lemma eut_measure_queue_step:
  assumes dq: "distinct q" and L: "in_eut d v q A pc" and qs: "queue_step q A q' A'"
  shows "in_eut d v q' A' pc \<and> eut_measure d q' A' pc \<le> eut_measure d q A pc"
proof -
  have wle: "desc_weight q' A' D \<le> desc_weight q A D" for D
    using qs unfolding queue_step_def desc_weight_def by auto
  have "(\<Sum>D\<in>{1..d}. desc_weight q' A' D) + executed_gone q' pc
          \<le> (\<Sum>D\<in>{1..d}. desc_weight q A D) + executed_gone q pc"
  proof (cases "executed_gone q' pc \<le> executed_gone q pc")
    case True
    have "(\<Sum>D\<in>{1..d}. desc_weight q' A' D) \<le> (\<Sum>D\<in>{1..d}. desc_weight q A D)"
      using wle by (intro sum_mono)
    then show ?thesis using True by linarith
  next
    case False
    then obtain D where D: "executed_desc pc = Some D" "D \<in> set q" "D \<notin> set q'"
      unfolding executed_gone_def by (auto split: option.splits if_splits)
    have adm: "admissible_desc d q A D" using L D(1) unfolding in_eut_def by auto
    have "A \<subseteq> A'" using qs unfolding queue_step_def by auto
    then have "desc_weight q' A' D < desc_weight q A D"
      using adm D unfolding admissible_desc_def desc_weight_def by auto
    moreover have "D \<in> {1..d}" using adm unfolding admissible_desc_def by auto
    ultimately have "(\<Sum>D\<in>{1..d}. desc_weight q' A' D) < (\<Sum>D\<in>{1..d}. desc_weight q A D)"
      using wle by (intro sum_strict_mono_ex1) auto
    moreover have "executed_gone q' pc \<le> 1" "executed_gone q pc = 0"
      using D unfolding executed_gone_def by auto
    ultimately show ?thesis by linarith
  qed
  moreover have "in_eut d v q' A' pc"
    using L admissible_desc_queue_step[OF dq _ qs] unfolding in_eut_def by auto
  ultimately show ?thesis unfolding eut_measure_def by (auto simp: less_eq_prod_def)
qed

lemma eut_measure_phase_step:
  assumes "in_eut d v q A pc" "eut_call pc' = Some (d, v)"
    and "executed_desc pc' = executed_desc pc" "exec_phase pc' < exec_phase pc"
  shows "in_eut d v q A pc' \<and> eut_measure d q A pc' < eut_measure d q A pc"
  using assms unfolding in_eut_def eut_measure_def executed_gone_def by simp

lemma eut_read_step:
  assumes I: "mem_inv m" and ok: "pc_allocated m (EutRead d v)"
    and st: "pstep cont res upd root a (EutRead d v) m = (pc', m')"
  shows "pc' = PopTrav d v \<or> (in_eut d v (m_queue m' v) (m_appd m' v) pc' \<and>
           eut_measure d (m_queue m' v) (m_appd m' v) pc'
             < eut_measure d (m_queue m v) (m_appd m v) (EutRead d v))"
proof (cases "m_queue m v")
  case (Cons D q)
  have m': "m' = m" using st by (auto split: if_splits list.splits)
  have "D \<in> m_appd m v" using mem_inv_queue_appd[OF I] Cons by (metis list.set_intros(1))
  then have D: "1 \<le> D \<and> D < m_clock m" using mem_inv_appd_allocated[OF I] by metis
  have d: "1 \<le> d \<and> d < m_clock m" using ok by (auto simp: pc_allocated_def)
  show ?thesis
  proof (cases "d_ts (dsc m D) > d_ts (dsc m d)")
    case False
    then have "D \<le> d" using mem_inv_dsc_ts[OF I] D d by auto
    moreover have pc': "pc' = ExecCompute d v D" using st Cons False by auto
    ultimately have "admissible_desc d (m_queue m' v) (m_appd m' v) D"
      using D \<open>D \<in> m_appd m v\<close> m' Cons unfolding admissible_desc_def by auto
    moreover have "executed_gone (m_queue m' v) pc' = 0"
      using pc' m' Cons unfolding executed_gone_def by auto
    ultimately show ?thesis using pc' m' unfolding in_eut_def eut_measure_def by auto
  qed (use st Cons in auto)
qed (use st in auto)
####
■ GOAL OF THE EXERCISE ■
Copy all of the data. Keep every word exactly as it is.

■ OUTPUT OF THE EXERCISE ■
lemma eut_measure_queue_step:
  assumes dq: "distinct q" and L: "in_eut d v q A pc" and qs: "queue_step q A q' A'"
  shows "in_eut d v q' A' pc \<and> eut_measure d q' A' pc \<le> eut_measure d q A pc"
proof -
  have wle: "desc_weight q' A' D \<le> desc_weight q A D" for D
    using qs unfolding queue_step_def desc_weight_def by auto
  have "(\<Sum>D\<in>{1..d}. desc_weight q' A' D) + executed_gone q' pc
          \<le> (\<Sum>D\<in>{1..d}. desc_weight q A D) + executed_gone q pc"
  proof (cases "executed_gone q' pc \<le> executed_gone q pc")
    case True
    have "(\<Sum>D\<in>{1..d}. desc_weight q' A' D) \<le> (\<Sum>D\<in>{1..d}. desc_weight q A D)"
      using wle by (intro sum_mono)
    then show ?thesis using True by linarith
  next
    case False
    then obtain D where D: "executed_desc pc = Some D" "D \<in> set q" "D \<notin> set q'"
      unfolding executed_gone_def by (auto split: option.splits if_splits)
    have adm: "admissible_desc d q A D" using L D(1) unfolding in_eut_def by auto
    have "A \<subseteq> A'" using qs unfolding queue_step_def by auto
    then have "desc_weight q' A' D < desc_weight q A D"
      using adm D unfolding admissible_desc_def desc_weight_def by auto
    moreover have "D \<in> {1..d}" using adm unfolding admissible_desc_def by auto
    ultimately have "(\<Sum>D\<in>{1..d}. desc_weight q' A' D) < (\<Sum>D\<in>{1..d}. desc_weight q A D)"
      using wle by (intro sum_strict_mono_ex1) auto
    moreover have "executed_gone q' pc \<le> 1" "executed_gone q pc = 0"
      using D unfolding executed_gone_def by auto
    ultimately show ?thesis by linarith
  qed
  moreover have "in_eut d v q' A' pc"
    using L admissible_desc_queue_step[OF dq _ qs] unfolding in_eut_def by auto
  ultimately show ?thesis unfolding eut_measure_def by (auto simp: less_eq_prod_def)
qed

lemma eut_measure_phase_step:
  assumes "in_eut d v q A pc" "eut_call pc' = Some (d, v)"
    and "executed_desc pc' = executed_desc pc" "exec_phase pc' < exec_phase pc"
  shows "in_eut d v q A pc' \<and> eut_measure d q A pc' < eut_measure d q A pc"
  using assms unfolding in_eut_def eut_measure_def executed_gone_def by simp

lemma eut_read_step:
  assumes I: "mem_inv m" and ok: "pc_allocated m (EutRead d v)"
    and st: "pstep cont res upd root a (EutRead d v) m = (pc', m')"
  shows "pc' = PopTrav d v \<or> (in_eut d v (m_queue m' v) (m_appd m' v) pc' \<and>
           eut_measure d (m_queue m' v) (m_appd m' v) pc'
             < eut_measure d (m_queue m v) (m_appd m v) (EutRead d v))"
proof (cases "m_queue m v")
  case (Cons D q)
  have m': "m' = m" using st by (auto split: if_splits list.splits)
  have "D \<in> m_appd m v" using mem_inv_queue_appd[OF I] Cons by (metis list.set_intros(1))
  then have D: "1 \<le> D \<and> D < m_clock m" using mem_inv_appd_allocated[OF I] by metis
  have d: "1 \<le> d \<and> d < m_clock m" using ok by (auto simp: pc_allocated_def)
  show ?thesis
  proof (cases "d_ts (dsc m D) > d_ts (dsc m d)")
    case False
    then have "D \<le> d" using mem_inv_dsc_ts[OF I] D d by auto
    moreover have pc': "pc' = ExecCompute d v D" using st Cons False by auto
    ultimately have "admissible_desc d (m_queue m' v) (m_appd m' v) D"
      using D \<open>D \<in> m_appd m v\<close> m' Cons unfolding admissible_desc_def by auto
    moreover have "executed_gone (m_queue m' v) pc' = 0"
      using pc' m' Cons unfolding executed_gone_def by auto
    ultimately show ?thesis using pc' m' unfolding in_eut_def eut_measure_def by auto
  qed (use st Cons in auto)
qed (use st in auto)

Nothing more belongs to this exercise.